## Assigned task
Begin with the first line of the entries below. Copy each line exactly, stopping after the one that contains "digit sum, so".

## Available records
(* Let $p$ be a prime and let $n=p^{\beta}(pq+r)$ with $\beta,q,r\in\mathbb{N}$ and $\{-q\}_{p-1}<r<p$. Then $$\operatorname{ord}_p(n!)=\Big\lfloor\frac{n-1}{p-1}\Big\rfloor\iff q=0.$$
   Context: $\{a\}_{m}$ denotes the least nonnegative residue of the integer $a$ modulo the positive integer $m$. $\operatorname{ord}_p$ is the $p$-adic order. *)

theory Defs
  imports "HOL-Computational_Algebra.Computational_Algebra"
begin

end

theory Submission
  imports Defs
begin

text \<open>By Legendre's formula \<open>(p - 1) \<cdot> ord\<^sub>p(n!) = n - s\<^sub>p(n)\<close>, where \<open>s\<^sub>p\<close> is the base-\<open>p\<close>
  digit sum, so \<open>ord\<^sub>p(n!) = \<lfloor>(n - 1)/(p - 1)\<rfloor>\<close> holds exactly when \<open>s\<^sub>p(n) < p\<close>. For
  \<open>n = p\<^sup>\<beta>(pq + r)\<close> we have \<open>s\<^sub>p(n) = r + s\<^sub>p(q)\<close>. If \<open>q = 0\<close> this is \<open>r < p\<close>. If \<open>q > 0\<close>
  then \<open>1 \<le> s\<^sub>p(q) \<equiv> q (mod p - 1)\<close>, and \<open>r > {-q}\<^bsub>p-1\<^esub>\<close> forces \<open>r + s\<^sub>p(q) \<ge> p\<close>.\<close>

function digit_sum :: "nat \<Rightarrow> nat \<Rightarrow> nat" where
  "digit_sum b n = (if b \<le> 1 \<or> n = 0 then 0 else n mod b + digit_sum b (n div b))"
  by auto
termination by (relation "measure snd") auto

declare digit_sum.simps [simp del]

lemma digit_sum_0 [simp]: "digit_sum b 0 = 0"
  by (simp add: digit_sum.simps)

lemma digit_sum_rec: "1 < b \<Longrightarrow> digit_sum b n = n mod b + digit_sum b (n div b)"
  by (cases "n = 0") (simp_all add: digit_sum.simps [of b n])

lemma digit_sum_mult_add:
  "1 < b \<Longrightarrow> r < b \<Longrightarrow> digit_sum b (b * q + r) = r + digit_sum b q"
  by (simp add: digit_sum_rec [of b "b * q + r"])

lemma digit_sum_power_mult: "1 < b \<Longrightarrow> digit_sum b (b ^ k * m) = digit_sum b m"
  by (induction k) (simp_all add: mult.assoc digit_sum_mult_add [where r = 0, simplified])

lemma digit_sum_pos:
  assumes "1 < b" "0 < n"
  shows "0 < digit_sum b n"
  using assms(2)
proof (induction n rule: less_induct)
  case (less n)
  show ?case
  proof (cases "n mod b = 0")
    case True
    with less.prems assms(1) have "0 < n div b" "n div b < n"
      by (auto simp: div_greater_zero_iff dest: mod_less)
    with less.IH show ?thesis by (simp add: digit_sum_rec [OF assms(1), of n])
  next
    case False
    then show ?thesis by (simp add: digit_sum_rec [OF assms(1), of n])
  qed
qed

lemma digit_sum_mod_pred:
  assumes b: "1 < b"
  shows "digit_sum b n mod (b - 1) = n mod (b - 1)"
proof (induction n rule: less_induct)
  case (less n)
  show ?case
  proof (cases "n = 0")
    case True
    then show ?thesis by simp
  next
    case False
    with b less.IH have IH: "digit_sum b (n div b) mod (b - 1) = n div b mod (b - 1)"
      by simp
    have "b * (n div b) mod (b - 1) = n div b mod (b - 1)"
      using b mod_mult_self2 [of "n div b" "b - 1" "n div b"]
      by (simp add: algebra_simps)
    then have "n mod (b - 1) = (n mod b + n div b) mod (b - 1)"
      by (metis div_mult_mod_eq mod_add_right_eq mult.commute add.commute)
    also have "\<dots> = (n mod b + digit_sum b (n div b)) mod (b - 1)"
      using IH by (metis mod_add_right_eq)
    finally show ?thesis by (simp add: digit_sum_rec [OF b, of n])
  qed
qed

lemma multiplicity_fact_Suc:
  fixes p :: nat
  assumes "prime p"
  shows "multiplicity p (fact (Suc n)) = multiplicity p (Suc n) + multiplicity p (fact n)"
proof -
  have "multiplicity p (fact (Suc n)) = multiplicity p (Suc n * fact n)"
    by (simp only: fact_Suc of_nat_id)
  also have "\<dots> = multiplicity p (Suc n) + multiplicity p (fact n)"
    using assms by (intro prime_elem_multiplicity_mult_distrib) auto
  finally show ?thesis .
qed

lemma multiplicity_fact_rec:
  fixes p :: nat
  assumes p: "prime p"
  shows "multiplicity p (fact n) = n div p + multiplicity p (fact (n div p))"
proof (induction n)
  case 0
  then show ?case by simp
next
  case (Suc n)
  have p1: "1 < p" using p prime_gt_1_nat by blast
  note fact_Suc_mult = multiplicity_fact_Suc [OF p, of n]
  show ?case
  proof (cases "p dvd Suc n")
    case False
    then have "Suc n div p = n div p"
      by (simp add: div_Suc dvd_eq_mod_eq_0)
    with False show ?thesis
      using Suc.IH fact_Suc_mult by (simp add: not_dvd_imp_multiplicity_0)
  next
    case True
    then obtain m where m: "Suc n = p * Suc m"
      by (metis dvd_def mult_0_right nat.distinct(1) not0_implies_Suc)
    with p1 have "n div p = m" by (intro div_nat_eqI) auto
    moreover have "Suc n div p = Suc m" using m p1 by simp
    moreover have "multiplicity p (Suc n) = Suc (multiplicity p (Suc m))"
      unfolding m using p1 by (intro multiplicity_times_same) auto
    ultimately show ?thesis
      using Suc.IH fact_Suc_mult multiplicity_fact_Suc [OF p, of m] by simp
  qed
qed

theorem legendre_digit_sum:
  fixes p :: nat
  assumes p: "prime p"
  shows "(p - 1) * multiplicity p (fact n) + digit_sum p n = n"
proof (induction n rule: less_induct)
  case (less n)
  have p1: "1 < p" using p prime_gt_1_nat by blast
  show ?case
  proof (cases "n = 0")
    case True
    then show ?thesis by simp
  next
    case False
    with p1 have IH: "(p - 1) * multiplicity p (fact (n div p)) + digit_sum p (n div p) = n div p"
      using less.IH by simp
    have "(p - 1) * multiplicity p (fact n) + digit_sum p n
        = (p - 1) * (n div p) + n mod p
          + ((p - 1) * multiplicity p (fact (n div p)) + digit_sum p (n div p))"
      by (simp add: multiplicity_fact_rec [OF p, of n] digit_sum_rec [OF p1, of n] algebra_simps)
    also have "\<dots> = p * (n div p) + n mod p"
      using IH p1 by (simp add: algebra_simps)
    finally show ?thesis by simp
  qed
qed

lemma multiplicity_fact_eq_div_iff:
  fixes p :: nat
  assumes p: "prime p" and "0 < n"
  shows "multiplicity p (fact n) = (n - 1) div (p - 1) \<longleftrightarrow> digit_sum p n < p"
proof -
  have p1: "1 < p" using p prime_gt_1_nat by blast
  define v where "v = multiplicity p (fact n :: nat)"
  define s where "s = digit_sum p n"
  have "0 < s" using digit_sum_pos [OF p1 \<open>0 < n\<close>] by (simp add: s_def)
  then have "n - 1 = (p - 1) * v + (s - 1)"
    using legendre_digit_sum [OF p, of n] by (simp add: v_def s_def)
  then have "(n - 1) div (p - 1) = v + (s - 1) div (p - 1)"
    using p1 by simp
  then show ?thesis
    using p1 \<open>0 < s\<close> by (auto simp: v_def s_def [symmetric] div_eq_0_iff)
qed

lemma le_neg_mod_of_add_le:
  fixes d r m :: int
  assumes "0 < d" "0 < r" "d + r \<le> m"
  shows "r \<le> (- d) mod m"
proof -
  have "(- d) mod m = (m - d) mod m"
    by (metis add.commute diff_conv_add_uminus mod_add_self2)
  also have "\<dots> = m - d" using assms by (intro mod_pos_pos_trivial) auto
  finally show ?thesis using assms by simp
qed

lemma le_add_digit_sum_of_neg_mod_lt:
  assumes b: "1 < b" and "0 < q" and r: "(- int q) mod (int b - 1) < int r"
  shows "b \<le> r + digit_sum b q"
proof (rule ccontr)
  define d where "d = digit_sum b q"
  assume "\<not> ?thesis"
  then have "int d + int r \<le> int b - 1" by (simp add: d_def)
  moreover have "0 < d" using digit_sum_pos [OF b \<open>0 < q\<close>] by (simp add: d_def)
  moreover have "0 < r" using b r pos_mod_sign [of "int b - 1" "- int q"] by linarith
  ultimately have "int r \<le> (- int d) mod (int b - 1)"
    by (intro le_neg_mod_of_add_le) auto
  moreover have "(- int d) mod (int b - 1) = (- int q) mod (int b - 1)"
    using digit_sum_mod_pred [OF b, of q] b
    by (metis d_def mod_minus_cong of_nat_1 of_nat_diff less_imp_le zmod_int)
  ultimately show False using r by simp
qed

theorem lemma4p1:
  fixes p \<beta> q r n :: nat
  assumes "prime p"
    and "n = p ^ \<beta> * (p * q + r)"
    and "(- int q) mod (int p - 1) < int r"
    and "r < p"
  shows "multiplicity p (fact n) = (n - 1) div (p - 1) \<longleftrightarrow> q = 0"
proof -
  have p1: "1 < p" using assms(1) prime_gt_1_nat by blast
  have "0 \<le> (- int q) mod (int p - 1)" using p1 by simp
  then have "0 < r" using assms(3) by linarith
  have digits: "digit_sum p n = r + digit_sum p q"
    using assms(2,4) p1 by (simp add: digit_sum_power_mult digit_sum_mult_add)
  have "0 < n" using \<open>0 < r\<close> p1 by (simp add: assms(2))
  show ?thesis
    using multiplicity_fact_eq_div_iff [OF assms(1) \<open>0 < n\<close>] digits assms(4)
      le_add_digit_sum_of_neg_mod_lt [OF p1 _ assms(3)]
    by (cases "q = 0") auto
qed

end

## Task response
(* Let $p$ be a prime and let $n=p^{\beta}(pq+r)$ with $\beta,q,r\in\mathbb{N}$ and $\{-q\}_{p-1}<r<p$. Then $$\operatorname{ord}_p(n!)=\Big\lfloor\frac{n-1}{p-1}\Big\rfloor\iff q=0.$$
   Context: $\{a\}_{m}$ denotes the least nonnegative residue of the integer $a$ modulo the positive integer $m$. $\operatorname{ord}_p$ is the $p$-adic order. *)

theory Defs
  imports "HOL-Computational_Algebra.Computational_Algebra"
begin

end

theory Submission
  imports Defs
begin

text \<open>By Legendre's formula \<open>(p - 1) \<cdot> ord\<^sub>p(n!) = n - s\<^sub>p(n)\<close>, where \<open>s\<^sub>p\<close> is the base-\<open>p\<close>
  digit sum, so \<open>ord\<^sub>p(n!) = \<lfloor>(n - 1)/(p - 1)\<rfloor>\<close> holds exactly when \<open>s\<^sub>p(n) < p\<close>. For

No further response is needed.